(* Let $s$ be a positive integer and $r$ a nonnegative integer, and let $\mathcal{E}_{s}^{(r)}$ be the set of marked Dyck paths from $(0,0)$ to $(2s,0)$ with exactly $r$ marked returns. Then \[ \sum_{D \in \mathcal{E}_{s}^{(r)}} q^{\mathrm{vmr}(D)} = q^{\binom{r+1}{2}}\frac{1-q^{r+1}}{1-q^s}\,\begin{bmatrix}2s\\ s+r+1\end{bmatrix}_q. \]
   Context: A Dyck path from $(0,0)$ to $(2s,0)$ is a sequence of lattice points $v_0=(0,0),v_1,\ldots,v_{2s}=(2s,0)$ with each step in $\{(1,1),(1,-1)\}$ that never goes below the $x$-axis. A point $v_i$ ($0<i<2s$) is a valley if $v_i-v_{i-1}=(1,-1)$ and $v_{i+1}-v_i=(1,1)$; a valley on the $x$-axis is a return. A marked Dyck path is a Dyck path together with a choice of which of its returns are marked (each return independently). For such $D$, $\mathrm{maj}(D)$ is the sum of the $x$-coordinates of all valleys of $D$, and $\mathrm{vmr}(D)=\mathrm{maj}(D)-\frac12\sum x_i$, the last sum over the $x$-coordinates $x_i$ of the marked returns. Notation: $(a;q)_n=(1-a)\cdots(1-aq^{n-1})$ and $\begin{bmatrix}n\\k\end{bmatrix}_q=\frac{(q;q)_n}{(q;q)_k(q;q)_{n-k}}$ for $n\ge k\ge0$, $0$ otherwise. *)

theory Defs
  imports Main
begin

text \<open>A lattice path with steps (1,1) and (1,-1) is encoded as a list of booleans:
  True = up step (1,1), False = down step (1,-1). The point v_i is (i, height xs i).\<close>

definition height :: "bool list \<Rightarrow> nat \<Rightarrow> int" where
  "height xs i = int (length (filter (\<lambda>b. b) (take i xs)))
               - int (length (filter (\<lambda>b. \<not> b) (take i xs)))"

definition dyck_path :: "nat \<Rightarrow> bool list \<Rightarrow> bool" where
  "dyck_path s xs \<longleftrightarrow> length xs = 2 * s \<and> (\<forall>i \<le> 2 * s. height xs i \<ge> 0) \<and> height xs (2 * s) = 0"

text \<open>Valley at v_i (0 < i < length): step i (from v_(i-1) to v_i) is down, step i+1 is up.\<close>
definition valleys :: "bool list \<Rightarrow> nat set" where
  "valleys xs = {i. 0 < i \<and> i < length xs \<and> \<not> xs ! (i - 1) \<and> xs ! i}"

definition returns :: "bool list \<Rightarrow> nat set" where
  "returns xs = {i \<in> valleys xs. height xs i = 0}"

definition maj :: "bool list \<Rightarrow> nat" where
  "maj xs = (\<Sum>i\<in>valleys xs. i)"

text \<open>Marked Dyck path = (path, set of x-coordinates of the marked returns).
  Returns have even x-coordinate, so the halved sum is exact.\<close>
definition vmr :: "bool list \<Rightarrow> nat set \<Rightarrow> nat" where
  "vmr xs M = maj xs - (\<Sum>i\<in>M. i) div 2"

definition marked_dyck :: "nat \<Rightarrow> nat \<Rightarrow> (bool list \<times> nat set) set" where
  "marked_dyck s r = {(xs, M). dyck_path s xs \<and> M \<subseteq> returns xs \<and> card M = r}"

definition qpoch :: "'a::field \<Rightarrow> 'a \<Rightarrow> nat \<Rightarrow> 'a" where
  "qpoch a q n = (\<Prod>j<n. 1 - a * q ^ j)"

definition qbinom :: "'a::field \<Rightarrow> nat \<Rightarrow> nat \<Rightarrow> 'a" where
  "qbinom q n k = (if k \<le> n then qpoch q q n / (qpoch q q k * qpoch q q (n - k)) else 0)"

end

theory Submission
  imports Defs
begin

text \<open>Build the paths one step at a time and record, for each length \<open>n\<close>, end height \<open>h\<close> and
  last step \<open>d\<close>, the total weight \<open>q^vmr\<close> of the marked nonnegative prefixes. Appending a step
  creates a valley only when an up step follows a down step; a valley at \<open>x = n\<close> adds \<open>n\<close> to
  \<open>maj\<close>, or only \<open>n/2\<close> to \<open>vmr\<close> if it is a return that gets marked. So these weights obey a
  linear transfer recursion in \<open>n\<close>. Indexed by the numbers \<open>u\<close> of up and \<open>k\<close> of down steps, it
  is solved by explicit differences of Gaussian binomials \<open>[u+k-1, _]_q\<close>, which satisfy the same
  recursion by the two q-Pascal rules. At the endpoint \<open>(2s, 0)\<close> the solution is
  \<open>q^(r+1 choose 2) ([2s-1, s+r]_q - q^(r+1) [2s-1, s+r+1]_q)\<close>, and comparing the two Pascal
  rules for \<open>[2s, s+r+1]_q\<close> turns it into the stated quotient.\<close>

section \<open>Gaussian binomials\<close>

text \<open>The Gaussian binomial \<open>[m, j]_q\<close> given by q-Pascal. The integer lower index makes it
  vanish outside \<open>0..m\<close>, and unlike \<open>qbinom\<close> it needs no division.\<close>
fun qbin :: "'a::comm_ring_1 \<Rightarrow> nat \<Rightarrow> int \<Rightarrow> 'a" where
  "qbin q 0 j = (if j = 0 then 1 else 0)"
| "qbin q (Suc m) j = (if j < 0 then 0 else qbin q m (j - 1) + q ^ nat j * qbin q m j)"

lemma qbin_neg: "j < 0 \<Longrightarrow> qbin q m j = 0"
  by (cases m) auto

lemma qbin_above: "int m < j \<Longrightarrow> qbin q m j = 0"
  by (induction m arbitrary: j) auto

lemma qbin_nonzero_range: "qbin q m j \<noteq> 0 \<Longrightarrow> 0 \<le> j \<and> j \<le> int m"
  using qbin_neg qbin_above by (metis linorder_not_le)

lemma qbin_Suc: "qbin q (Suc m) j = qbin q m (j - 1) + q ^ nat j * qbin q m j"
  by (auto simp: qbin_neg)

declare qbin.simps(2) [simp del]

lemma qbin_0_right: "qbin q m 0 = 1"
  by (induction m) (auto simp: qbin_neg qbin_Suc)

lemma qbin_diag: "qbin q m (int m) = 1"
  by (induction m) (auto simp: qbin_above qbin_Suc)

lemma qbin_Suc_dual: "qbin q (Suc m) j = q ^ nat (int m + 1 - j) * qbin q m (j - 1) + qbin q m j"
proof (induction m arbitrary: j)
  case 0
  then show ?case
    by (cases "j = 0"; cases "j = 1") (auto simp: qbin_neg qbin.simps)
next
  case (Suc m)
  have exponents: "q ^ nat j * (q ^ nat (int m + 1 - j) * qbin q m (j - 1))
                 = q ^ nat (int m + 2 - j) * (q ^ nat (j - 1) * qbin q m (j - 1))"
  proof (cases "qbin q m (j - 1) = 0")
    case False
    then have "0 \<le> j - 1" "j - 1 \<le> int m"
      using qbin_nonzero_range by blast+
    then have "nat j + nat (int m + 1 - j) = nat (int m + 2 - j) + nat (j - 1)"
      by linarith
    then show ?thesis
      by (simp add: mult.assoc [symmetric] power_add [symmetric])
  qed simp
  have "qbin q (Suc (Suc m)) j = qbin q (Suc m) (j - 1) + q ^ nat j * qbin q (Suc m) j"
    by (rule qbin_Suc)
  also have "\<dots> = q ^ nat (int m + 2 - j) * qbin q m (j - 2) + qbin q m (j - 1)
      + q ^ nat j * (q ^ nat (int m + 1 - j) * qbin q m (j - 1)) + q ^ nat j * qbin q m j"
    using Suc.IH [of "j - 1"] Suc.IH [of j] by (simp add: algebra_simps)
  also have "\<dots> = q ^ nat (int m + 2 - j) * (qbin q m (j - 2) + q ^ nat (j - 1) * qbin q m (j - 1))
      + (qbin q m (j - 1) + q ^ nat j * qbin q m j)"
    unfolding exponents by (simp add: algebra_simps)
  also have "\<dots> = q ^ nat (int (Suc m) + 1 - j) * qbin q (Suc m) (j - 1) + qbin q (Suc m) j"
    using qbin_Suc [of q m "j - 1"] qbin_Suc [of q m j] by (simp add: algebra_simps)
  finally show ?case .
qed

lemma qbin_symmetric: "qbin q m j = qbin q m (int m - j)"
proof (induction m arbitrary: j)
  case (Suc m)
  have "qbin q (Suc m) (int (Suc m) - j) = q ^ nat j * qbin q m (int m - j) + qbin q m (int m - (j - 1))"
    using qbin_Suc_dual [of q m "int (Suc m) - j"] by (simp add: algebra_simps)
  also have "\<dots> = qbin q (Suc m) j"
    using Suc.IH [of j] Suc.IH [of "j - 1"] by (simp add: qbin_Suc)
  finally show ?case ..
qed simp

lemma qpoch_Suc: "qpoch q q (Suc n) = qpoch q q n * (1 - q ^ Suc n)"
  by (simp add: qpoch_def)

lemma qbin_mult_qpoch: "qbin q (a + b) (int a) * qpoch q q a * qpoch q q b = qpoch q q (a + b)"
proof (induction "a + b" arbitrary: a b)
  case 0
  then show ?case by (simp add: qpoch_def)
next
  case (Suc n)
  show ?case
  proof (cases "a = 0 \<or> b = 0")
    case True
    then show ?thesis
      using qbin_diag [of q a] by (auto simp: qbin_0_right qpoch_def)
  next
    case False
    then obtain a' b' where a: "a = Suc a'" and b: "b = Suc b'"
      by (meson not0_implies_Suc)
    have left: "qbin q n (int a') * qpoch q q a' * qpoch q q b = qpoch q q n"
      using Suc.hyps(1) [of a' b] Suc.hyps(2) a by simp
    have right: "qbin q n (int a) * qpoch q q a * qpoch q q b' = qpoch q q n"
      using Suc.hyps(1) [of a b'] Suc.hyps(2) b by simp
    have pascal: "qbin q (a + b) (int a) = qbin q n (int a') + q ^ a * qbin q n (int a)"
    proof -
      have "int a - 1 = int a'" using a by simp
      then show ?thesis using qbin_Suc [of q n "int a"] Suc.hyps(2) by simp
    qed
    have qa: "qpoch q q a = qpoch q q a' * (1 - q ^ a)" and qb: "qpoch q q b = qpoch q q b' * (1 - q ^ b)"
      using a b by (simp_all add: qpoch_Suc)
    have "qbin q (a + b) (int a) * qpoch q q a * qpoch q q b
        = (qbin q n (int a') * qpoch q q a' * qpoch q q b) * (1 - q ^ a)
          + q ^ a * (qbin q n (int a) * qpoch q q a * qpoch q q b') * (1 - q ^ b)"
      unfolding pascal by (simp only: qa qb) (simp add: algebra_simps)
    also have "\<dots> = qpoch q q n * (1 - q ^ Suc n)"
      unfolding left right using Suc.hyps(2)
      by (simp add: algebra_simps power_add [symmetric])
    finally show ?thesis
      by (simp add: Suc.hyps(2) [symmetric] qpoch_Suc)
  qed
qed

++++

▸ EXERCISE DETAILS
List all lines above in which the string "only" appears.

▸ ANSWER SPACE
  creates a valley only when an up step follows a down step; a valley at \<open>x = n\<close> adds \<open>n\<close> to
  \<open>maj\<close>, or only \<open>n/2\<close> to \<open>vmr\<close> if it is a return that gets marked. So these weights obey a
      unfolding pascal by (simp only: qa qb) (simp add: algebra_simps)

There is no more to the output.